The hypot() function in C is used to find the length of the hypotenuse of a right-angled triangle given the lengths of the other two sides. This function is particularly useful in various fields of science and engineering where distance calculations are required.

The function is declared in the <math.h> header file.

Syntax of hypot() in C

double hypot(double x, double y);

Parameters

The hypot(x, y) function takes two parameters:

• x: A variable of type double representing one side of the right-angled triangle.
• y: A variable of type double representing the other side of the right-angled triangle.

Return Value

The hypot(x, y) function returns the hypotenuse of a right-angled triangle with sides x and y. The result is a double value that represents the length of the hypotenuse.

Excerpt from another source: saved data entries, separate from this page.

lemma cinner_diff_right: "cinner K w (\<lambda>m. v m - v' m) = cinner K w v - cinner K w v'"
  unfolding cinner_def by (simp add: sum_subtractf right_diff_distrib)

lemma cinner_scale_left: "cinner K (\<lambda>a. c * v a) w = c * cinner K v w"
  unfolding cinner_def by (simp add: sum_distrib_left mult_ac)

lemma cinner_scale_right: "cinner K w (\<lambda>a. c * v a) = cnj c * cinner K w v"
  unfolding cinner_def by (simp add: sum_distrib_left mult_ac)

lemma cinner_delta_left:
  "finite K \<Longrightarrow> a \<in> K \<Longrightarrow> cinner K (\<lambda>m. if m = a then 1 else 0) w = cnj (w a)"
  unfolding cinner_def by (simp add: if_distrib[of "\<lambda>x. x * _"] cong: if_cong)

lemma cinner_self: "cinner K v v = complex_of_real (\<Sum>m\<in>K. (cmod (v m))\<^sup>2)"
  unfolding cinner_def of_real_sum by (simp only: complex_norm_square)

lemma cinner_self_Re: "Re (cinner K v v) = (\<Sum>m\<in>K. (cmod (v m))\<^sup>2)"
  unfolding cinner_self by simp

lemma cinner_self_real: "cinner K v v = complex_of_real (Re (cinner K v v))"
  unfolding cinner_self by simp

lemma cinner_self_eq_0: "finite K \<Longrightarrow> cinner K v v = 0 \<Longrightarrow> m \<in> K \<Longrightarrow> v m = 0"
  unfolding cinner_self of_real_eq_0_iff by (simp add: sum_nonneg_eq_0_iff)

lemma cinner_self_eq_scale:
  "cinner K (\<lambda>a. of_real c * v a) (\<lambda>a. of_real c * v a) = of_real (c * c) * cinner K v v"
  unfolding cinner_scale_left cinner_scale_right by simp

lemma continuous_on_cinner [continuous_intros]:
  fixes f g :: "'a::topological_space \<Rightarrow> 'k \<Rightarrow> complex"
  assumes "\<And>a. continuous_on S (\<lambda>v. f v a)" "\<And>a. continuous_on S (\<lambda>v. g v a)"
  shows "continuous_on S (\<lambda>v. cinner K (f v) (g v))"
  unfolding cinner_def by (intro continuous_intros assms)

lemma continuous_on_mat_apply [continuous_intros]:
  fixes f :: "'a::topological_space \<Rightarrow> 'k \<Rightarrow> complex"
  assumes "\<And>a. continuous_on S (\<lambda>v. f v a)"
  shows "continuous_on S (\<lambda>v. mat_apply K A (f v) a)"
  unfolding mat_apply_def by (intro continuous_intros assms)

lemma mat_apply_add_scale:
  "mat_apply K A (\<lambda>b. v b + c * w b) = (\<lambda>a. mat_apply K A v a + c * mat_apply K A w a)"
  unfolding mat_apply_def by (simp add: sum.distrib sum_distrib_left algebra_simps)

lemma mat_apply_scale: "mat_apply K A (\<lambda>b. c * v b) = (\<lambda>a. c * mat_apply K A v a)"
  unfolding mat_apply_def by (simp add: sum_distrib_left mult_ac)

lemma hermitian_cinner:
  assumes "hermitian_on K A"
  shows "cinner K (mat_apply K A v) w = cinner K v (mat_apply K A w)"
proof -
  have "cinner K (mat_apply K A v) w = (\<Sum>a\<in>K. \<Sum>b\<in>K. A a b * v b * cnj (w a))"
    unfolding cinner_def mat_apply_def by (simp add: sum_distrib_right)
  also have "\<dots> = (\<Sum>b\<in>K. \<Sum>a\<in>K. A a b * v b * cnj (w a))"
    by (rule sum.swap)
  also have "\<dots> = (\<Sum>b\<in>K. \<Sum>a\<in>K. v b * (cnj (A b a) * cnj (w a)))"
  proof (intro sum.cong refl)
    fix a b assume "a \<in> K" "b \<in> K"
    then have "A b a = cnj (A a b)" using assms unfolding hermitian_on_def by blast
    then show "A b a * v a * cnj (w b) = v a * (cnj (A a b) * cnj (w b))" by simp
  qed
  also have "\<dots> = cinner K v (mat_apply K A w)"
    unfolding cinner_def mat_apply_def by (simp add: sum_distrib_left)
  finally show ?thesis .
qed

lemma orthonormal_family_sum_left:
  assumes "orthonormal_family K I u" "finite I" "l \<in> I"
  shows "(\<Sum>k\<in>I. c k * cinner K (u k) (u l)) = c l"
proof -
  have "(\<Sum>k\<in>I. c k * cinner K (u k) (u l)) = (\<Sum>k\<in>I. if k = l then c k else 0)"
    using assms(1,3) by (intro sum.cong) (auto simp: orthonormal_family_def)
  then show ?thesis using assms(2,3) by simp
qed

lemma orthonormal_family_sum_cmod:
  assumes "orthonormal_family K I u" "finite I"
  shows "(\<Sum>a\<in>K. \<Sum>k\<in>I. (cmod (u k a))\<^sup>2) = real (card I)"
proof -
  have norm1: "(\<Sum>a\<in>K. (cmod (u k a))\<^sup>2) = 1" if "k \<in> I" for k
    using assms(1) that cinner_self_Re[of K "u k"] by (simp add: orthonormal_family_def)
  have "(\<Sum>a\<in>K. \<Sum>k\<in>I. (cmod (u k a))\<^sup>2) = (\<Sum>k\<in>I. \<Sum>a\<in>K. (cmod (u k a))\<^sup>2)"
    by (rule sum.swap)
  also have "\<dots> = (\<Sum>k\<in>I. 1)"
    by (rule sum.cong[OF refl norm1])
  finally show ?thesis by simp
qed

lemma orthonormal_family_residual:
  assumes K: "finite K" and I: "finite I" and u: "orthonormal_family K I u" and a: "a \<in> K"
  defines "r \<equiv> \<lambda>b. (if b = a then 1 else 0) - (\<Sum>k\<in>I. cnj (u k a) * u k b)"
  shows "cinner K r r = 1 - complex_of_real (\<Sum>k\<in>I. (cmod (u k a))\<^sup>2)"
    and "\<forall>l\<in>I. cinner K r (u l) = 0"
proof -
  define \<delta> where "\<delta> = (\<lambda>b. if b = a then (1::complex) else 0)"
  define P where "P = (\<lambda>b. \<Sum>k\<in>I. cnj (u k a) * u k b)"
  have r: "r = (\<lambda>b. \<delta> b - P b)" unfolding r_def \<delta>_def P_def by simp
  have \<delta>_u: "cinner K \<delta> (u l) = cnj (u l a)" for l
    unfolding \<delta>_def using K a by (rule cinner_delta_left)
  have P_u: "cinner K P (u l) = cnj (u l a)" if "l \<in> I" for l
    unfolding P_def cinner_sum_left using orthonormal_family_sum_left[OF u I that] .
  have s: "(\<Sum>k\<in>I. cnj (u k a) * u k a) = complex_of_real (\<Sum>k\<in>I. (cmod (u k a))\<^sup>2)"
    unfolding of_real_sum complex_norm_square by (simp add: mult.commute)
  have \<delta>P: "cinner K \<delta> P = (\<Sum>k\<in>I. cnj (u k a) * u k a)"
    unfolding P_def cinner_sum_right \<delta>_u by (simp add: mult.commute)
  have P\<delta>: "cinner K P \<delta> = (\<Sum>k\<in>I. cnj (u k a) * u k a)"
    unfolding cinner_commute[of K P] \<delta>P by (simp add: cnj_sum mult.commute)
  have P_w: "cinner K P w = (\<Sum>k\<in>I. cnj (u k a) * cinner K (u k) w)" for w
    unfolding P_def by (rule cinner_sum_left)
  have "cinner K (u k) P = u k a" if "k \<in> I" for k
    unfolding cinner_commute[of K "u k" P] P_u[OF that] by (rule complex_cnj_cnj)
  then have PP: "cinner K P P = (\<Sum>k\<in>I. cnj (u k a) * u k a)"
    unfolding P_w[of P] by simp
  have \<delta>\<delta>: "cinner K \<delta> \<delta> = 1"
    unfolding \<delta>_def using K a by (simp add: cinner_delta_left)
  show "cinner K r r = 1 - complex_of_real (\<Sum>k\<in>I. (cmod (u k a))\<^sup>2)"
    unfolding r cinner_diff_left cinner_diff_right \<delta>P P\<delta> PP \<delta>\<delta> s by simp
  show "\<forall>l\<in>I. cinner K r (u l) = 0"
    unfolding r cinner_diff_left by (simp add: \<delta>_u P_u)
qed

lemma orthonormal_family_bessel:
  assumes "finite K" "finite I" "orthonormal_family K I u" "a \<in> K"
  shows "(\<Sum>k\<in>I. (cmod (u k a))\<^sup>2) \<le> 1"
proof -
  define r where "r = (\<lambda>b. (if b = a then 1 else 0) - (\<Sum>k\<in>I. cnj (u k a) * u k b))"
  have "cinner K r r = 1 - complex_of_real (\<Sum>k\<in>I. (cmod (u k a))\<^sup>2)"
    unfolding r_def by (rule orthonormal_family_residual(1)[OF assms])
  then have "(\<Sum>m\<in>K. (cmod (r m))\<^sup>2) = 1 - (\<Sum>k\<in>I. (cmod (u k a))\<^sup>2)"
    unfolding cinner_self_Re[symmetric] by simp
  moreover have "(\<Sum>m\<in>K. (cmod (r m))\<^sup>2) \<ge> 0" by (simp add: sum_nonneg)
  ultimately show ?thesis by linarith
qed

lemma orthonormal_family_complete:
  assumes K: "finite K" and I: "finite I" and u: "orthonormal_family K I u"
    and card: "card I = card K" and a: "a \<in> K" and b: "b \<in> K"
  shows "(\<Sum>k\<in>I. cnj (u k a) * u k b) = (if b = a then 1 else 0)"
proof -
  \<comment> \<open>Each \<open>s a\<close> is at most 1 by Bessel and they add up to \<open>card K\<close>, so the residual of
    the unit vector at \<open>a\<close> vanishes.\<close>
  define s where "s a = (\<Sum>k\<in>I. (cmod (u k a))\<^sup>2)" for a
  define r where "r = (\<lambda>b. (if b = a then 1 else 0) - (\<Sum>k\<in>I. cnj (u k a) * u k b))"
  have "(\<Sum>a\<in>K. 1 - s a) = 0"
    using orthonormal_family_sum_cmod[OF u I] card unfolding s_def by (simp add: sum_subtractf)
  moreover have "\<forall>a\<in>K. 0 \<le> 1 - s a"
    using orthonormal_family_bessel[OF K I u] unfolding s_def by simp
  ultimately have "s a = 1"
    using K a sum_nonneg_eq_0_iff[of K "\<lambda>a. 1 - s a"] by simp
  moreover have "cinner K r r = 1 - complex_of_real (s a)"
    unfolding r_def s_def by (rule orthonormal_family_residual(1)[OF K I u a])
  ultimately have "cinner K r r = 0" by simp
  then have "r b = 0" by (rule cinner_self_eq_0[OF K _ b])
  then show ?thesis unfolding r_def right_minus_eq by (rule sym)
qed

This function avoids overflow and underflow that might occur with direct computation of the square root of the sum of the squares of x and y.

Example of hypot() in C

The below program illustrates how to calculate the hypotenuse of a right-angled triangle using the hypot(x, y) function in C:

// C Program to calculate the hypotenuse of a right-angled triangle using
// hypot() function

#include <math.h>
#include <stdio.h>

int main()
{
    // Initialize variables to take the input from the user
    // and store the results
    double x, y, hypotenuse;

    // Take the input from the user
    printf("Enter the lengths of the two sides of the right-angled triangle:\n");

    // Read the lengths entered by the user
    scanf("%lf %lf", &x, &y);

    // Calculate the hypotenuse of the right-angled triangle
    hypotenuse = hypot(x, y);

    // Print the hypotenuse
    printf("The hypotenuse of the triangle with sides %.2lf and %.2lf is: %.2lf\n", x, y, hypotenuse);

    return 0;
}

Output

Enter the lengths of the two sides of the right-angled triangle:
3 4
The hypotenuse of the triangle with sides 3.00 and 4.00 is: 5.00

Time Complexity: O(1)
Auxiliary Space: O(1)

Advantages of Using hypot()

1. Numerical Stability: The hypot() function handles large and small values of x and y better than a straightforward calculation of the square root of the sum of the squares.
2. Overflow and Underflow Protection: By using internal scaling, hypot() avoids intermediate overflow and underflow during the computation, which makes it more robust for a wide range of inputs.
3. Simplicity: It provides a simple and direct way to compute the hypotenuse without needing to manually perform the intermediate steps.